(* Let $N\ge2$ and $0=x_0<x_1<\dots<x_N=1$, $I=[0,1]$, $I_i=[x_{i-1},x_i]$, $|I_i|=x_i-x_{i-1}$, $L_i(x)=x_{i-1}+|I_i|x$ for $i=1,\dots,N$. Let $\alpha_i,\beta_i,\gamma_i$ be reals with $|\alpha_i|<1$ and $|\beta_i|+|\gamma_i|<1$, let $p_i\in\mathrm{Lip}\,\lambda_i$ and $q_i\in\mathrm{Lip}\,\mu_i$ with $0<\lambda_i,\mu_i\le1$, and let $f_1,f_2:I\to\mathbb{R}$ be continuous with $f_1(L_i(x))=\alpha_if_1(x)+\beta_if_2(x)+p_i(x)$ and $f_2(L_i(x))=\gamma_if_2(x)+q_i(x)$ for all $x\in I$, $i=1,\dots,N$. Put $\lambda=\min_i\lambda_i$, $\mu=\min_i\mu_i$, $\Omega=\max_i |\alpha_i|/|I_i|^{\lambda}$, $\Gamma=\max_i|\gamma_i|/|I_i|^{\mu}$, $\Theta=\max_i|\alpha_i|/|I_i|^{\mu}$, and suppose $\Theta>1$. Then: (a) if $\Omega\ne1$ and $\Gamma\ne1$, there is $\delta\in(0,1]$ with $f_1\in\mathrm{Lip}\,\delta$; (b) if $\Omega=1$ or $\Gamma=1$, there is $\delta\in(0,1]$ with $\omega(f_1,t)=O(|t|^{\delta}\log|t|)$ as $t\to0$.
   Context: $\mathrm{Lip}\,\delta$ denotes the class of functions $g$ on $I$ such that $|g(x)-g(y)|\le C|x-y|^{\delta}$ for some constant $C$ and all $x,y\in I$. $\omega(f_1,t)=\sup\{|f_1(x)-f_1(y)|: x,y\in I,\ |x-y|\le |t|\}$ is the modulus of continuity. The function $f_1$ is the coalescence hidden variable fractal interpolation function (CHFIF): $(f_1,f_2)$ is the continuous function whose graph is the attractor of the IFS $\omega_i(x,y,z)=(L_i(x),\alpha_iy+\beta_iz+p_i(x),\gamma_iz+q_i(x))$. *)

theory Defs
  imports "HOL-Analysis.Analysis" "HOL-Library.Landau_Symbols"
begin

definition Lip_on :: "real set \<Rightarrow> real \<Rightarrow> (real \<Rightarrow> real) \<Rightarrow> bool" where
  "Lip_on I \<delta> g \<longleftrightarrow> (\<exists>C. \<forall>x\<in>I. \<forall>y\<in>I. \<bar>g x - g y\<bar> \<le> C * \<bar>x - y\<bar> powr \<delta>)"

definition modulus :: "real set \<Rightarrow> (real \<Rightarrow> real) \<Rightarrow> real \<Rightarrow> real" where
  "modulus I f t = Sup {\<bar>f x - f y\<bar> | x y. x \<in> I \<and> y \<in> I \<and> \<bar>x - y\<bar> \<le> \<bar>t\<bar>}"

end

theory Submission
  imports Defs "HOL-Real_Asymp.Real_Asymp"
begin

(* f1 is Hoelder continuous with a positive exponent whatever the values of \<Omega>, \<Gamma> and \<Theta>, and (b) follows from this because |ln |t|| \<ge> 1 near 0.

   The key fact is that a continuous g with g(L_i t) = a_i g(t) + r_i(t), |a_i| < 1 and every r_i
   Hoelder of exponent e > 0, is Hoelder: with c \<le> |I_i| and max(|a_i|, c^e) < \<theta> < 1, induction
   on n bounds |g s - g t| for |s - t| \<le> c^n by a multiple of \<theta>^n.  Two points of one piece I_i are
   pulled back by L_i; two points on either side of a partition point x_i are compared with
   x_i = L_i(1) = L_(i+1)(0), and 1 and 0 are the fixed points of L_N and L_1, near which the same
   induction controls g.  This applies first to f2 (r_i = q_i) and then to f1 (r_i = \<beta>_i f2 + p_i). *)

lemma power_powr_swap:
  fixes c e :: real
  assumes "0 \<le> c"
  shows "(c ^ n) powr e = (c powr e) ^ n"
  using assms by (induction n) (auto simp: powr_mult)

lemma geometric_scale_bracket:
  fixes c h :: real
  assumes "0 < c" "c < 1" "0 < h" "h \<le> 1"
  obtains n where "c ^ Suc n < h" "h \<le> c ^ n"
proof -
  obtain m where "c ^ m < h"
    using real_arch_pow_inv assms by blast
  then obtain k where k: "\<forall>i<k. \<not> c ^ i < h" "c ^ k < h"
    using ex_least_nat_le[of "\<lambda>k. c ^ k < h"] by blast
  have "k \<noteq> 0"
    using k(2) assms(4) by (cases k) auto
  then have "c ^ Suc (k - 1) < h" "h \<le> c ^ (k - 1)"
    using k by (simp_all add: not_less)
  then show thesis
    by (rule that)
qed

lemma Lip_on_iff_nonneg_const:
  "Lip_on I d g \<longleftrightarrow> (\<exists>C\<ge>0. \<forall>x\<in>I. \<forall>y\<in>I. \<bar>g x - g y\<bar> \<le> C * \<bar>x - y\<bar> powr d)"
proof
  assume "Lip_on I d g"
  then obtain C where C: "\<forall>x\<in>I. \<forall>y\<in>I. \<bar>g x - g y\<bar> \<le> C * \<bar>x - y\<bar> powr d"
    unfolding Lip_on_def by blast
  have "\<bar>g x - g y\<bar> \<le> max C 0 * \<bar>x - y\<bar> powr d" if "x \<in> I" "y \<in> I" for x y
  proof -
    have "C * \<bar>x - y\<bar> powr d \<le> max C 0 * \<bar>x - y\<bar> powr d"
      by (intro mult_right_mono) auto
    with C that show ?thesis
      by (meson order_trans)
  qed
  then show "\<exists>C\<ge>0. \<forall>x\<in>I. \<forall>y\<in>I. \<bar>g x - g y\<bar> \<le> C * \<bar>x - y\<bar> powr d"
    by (intro exI[of _ "max C 0"]) auto
qed (auto simp: Lip_on_def)

lemma Lip_on_exponent_mono:
  assumes "Lip_on I d g" "e \<le> d" and diam: "\<forall>x\<in>I. \<forall>y\<in>I. \<bar>x - y\<bar> \<le> 1"
  shows "Lip_on I e g"
proof -
  obtain C where "0 \<le> C" and C: "\<forall>x\<in>I. \<forall>y\<in>I. \<bar>g x - g y\<bar> \<le> C * \<bar>x - y\<bar> powr d"
    using assms(1) by (auto simp: Lip_on_iff_nonneg_const)
  have "\<bar>g x - g y\<bar> \<le> C * \<bar>x - y\<bar> powr e" if "x \<in> I" "y \<in> I" for x y
  proof -
    have "C * \<bar>x - y\<bar> powr d \<le> C * \<bar>x - y\<bar> powr e"
      using \<open>0 \<le> C\<close> assms(2) diam that by (intro mult_left_mono powr_mono') auto
    with C that show ?thesis
      by (meson order_trans)
  qed
  then show ?thesis
    unfolding Lip_on_def by blast
qed

lemma Lip_on_add:
  assumes "Lip_on I d f" "Lip_on I d g"
  shows "Lip_on I d (\<lambda>x. f x + g x)"
proof -
  obtain C D where C: "\<forall>x\<in>I. \<forall>y\<in>I. \<bar>f x - f y\<bar> \<le> C * \<bar>x - y\<bar> powr d"
    and D: "\<forall>x\<in>I. \<forall>y\<in>I. \<bar>g x - g y\<bar> \<le> D * \<bar>x - y\<bar> powr d"
    using assms unfolding Lip_on_def by blast
  have "\<bar>(f x + g x) - (f y + g y)\<bar> \<le> (C + D) * \<bar>x - y\<bar> powr d" if "x \<in> I" "y \<in> I" for x y
    using C D that by (fastforce simp: distrib_right abs_le_iff)
  then show ?thesis
    unfolding Lip_on_def by blast
qed

lemma Lip_on_cmult:
  assumes "Lip_on I d f"
  shows "Lip_on I d (\<lambda>x. c * f x)"
proof -
  obtain C where C: "\<forall>x\<in>I. \<forall>y\<in>I. \<bar>f x - f y\<bar> \<le> C * \<bar>x - y\<bar> powr d"
    using assms unfolding Lip_on_def by blast
  have "\<bar>c * f x - c * f y\<bar> \<le> (\<bar>c\<bar> * C) * \<bar>x - y\<bar> powr d" if "x \<in> I" "y \<in> I" for x y
  proof -
    have "\<bar>c * f x - c * f y\<bar> = \<bar>c\<bar> * \<bar>f x - f y\<bar>"
      by (simp add: abs_mult flip: right_diff_distrib)
    also have "\<dots> \<le> \<bar>c\<bar> * (C * \<bar>x - y\<bar> powr d)"
      using C that by (intro mult_left_mono) auto
    finally show ?thesis
      by (simp add: mult.assoc)
  qed
  then show ?thesis
    unfolding Lip_on_def by blast
qed

lemma Lip_on_uniform_const:
  assumes "finite A" "\<forall>i\<in>A. Lip_on I d (f i)"
  shows "\<exists>K\<ge>0. \<forall>i\<in>A. \<forall>x\<in>I. \<forall>y\<in>I. \<bar>f i x - f i y\<bar> \<le> K * \<bar>x - y\<bar> powr d"
proof -
  obtain C where C: "\<forall>i\<in>A. 0 \<le> C i \<and> (\<forall>x\<in>I. \<forall>y\<in>I. \<bar>f i x - f i y\<bar> \<le> C i * \<bar>x - y\<bar> powr d)"
    using assms(2) unfolding Lip_on_iff_nonneg_const by metis
  have "\<bar>f i x - f i y\<bar> \<le> sum C A * \<bar>x - y\<bar> powr d" if "i \<in> A" "x \<in> I" "y \<in> I" for i x y
  proof -
    have "C i * \<bar>x - y\<bar> powr d \<le> sum C A * \<bar>x - y\<bar> powr d"
      using C that assms(1) by (intro mult_right_mono member_le_sum) auto
    with C that show ?thesis
      by (meson order_trans)
  qed
  moreover have "0 \<le> sum C A"
    using C by (intro sum_nonneg) auto
  ultimately show ?thesis
    by blast
qed

lemma Lip_on_Min_exponent:
  assumes "finite A" "\<forall>i\<in>A. Lip_on I (d i) (f i)" and "\<forall>x\<in>I. \<forall>y\<in>I. \<bar>x - y\<bar> \<le> 1"
  shows "\<forall>i\<in>A. Lip_on I (Min (d ` A)) (f i)"
  using assms by (auto intro: Lip_on_exponent_mono)

lemma compact_bounded_oscillation:
  fixes g :: "'a::topological_space \<Rightarrow> real"
  assumes "compact S" "continuous_on S g"
  obtains M where "\<forall>s\<in>S. \<forall>t\<in>S. \<bar>g s - g t\<bar> \<le> M"
proof -
  obtain M where M: "\<forall>t\<in>S. \<bar>g t\<bar> \<le> M"
    using compact_imp_bounded[OF compact_continuous_image[OF assms(2,1)]]
    unfolding bounded_real by auto
  have "\<bar>g s - g t\<bar> \<le> 2 * M" if "s \<in> S" "t \<in> S" for s t
  proof -
    have "\<bar>g s\<bar> \<le> M" "\<bar>g t\<bar> \<le> M"
      using M that by auto
    then show ?thesis
      using abs_triangle_ineq4[of "g s" "g t"] by linarith
  qed
  with that show thesis
    by blast
qed

lemma ex_exponent_powr_ge:
  fixes c \<theta> :: real
  assumes c: "0 < c" "c < 1" and \<theta>: "0 < \<theta>" "\<theta> < 1"
  shows "\<exists>\<delta>. 0 < \<delta> \<and> \<delta> \<le> 1 \<and> \<theta> \<le> c powr \<delta>"
proof (intro exI conjI)
  let ?\<delta> = "min 1 (ln \<theta> / ln c)"
  have "ln c < 0"
    using c by simp
  show "0 < ?\<delta>"
    using c \<theta> by (simp add: divide_neg_neg)
  show "?\<delta> \<le> 1"
    by simp
  have "ln \<theta> \<le> ?\<delta> * ln c"
  proof (cases "1 \<le> ln \<theta> / ln c")
    case True
    then have "ln \<theta> \<le> ln c"
      using \<open>ln c < 0\<close> by (simp add: le_divide_eq_1_neg)
    with True show ?thesis
      by simp
  next
    case False
    with \<open>ln c < 0\<close> show ?thesis
      by simp
  qed
  then have "exp (ln \<theta>) \<le> exp (?\<delta> * ln c)"
    by simp
  then show "\<theta> \<le> c powr ?\<delta>"
    using c \<theta> by (simp add: powr_def)
qed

### TASK DETAILS
The output should be exactly the lines above from the line containing "on n bounds" to the line containing "pulled back by", inclusive, with no other lines.

### RESPONSE BOX
   on n bounds |g s - g t| for |s - t| \<le> c^n by a multiple of \<theta>^n.  Two points of one piece I_i are
   pulled back by L_i; two points on either side of a partition point x_i are compared with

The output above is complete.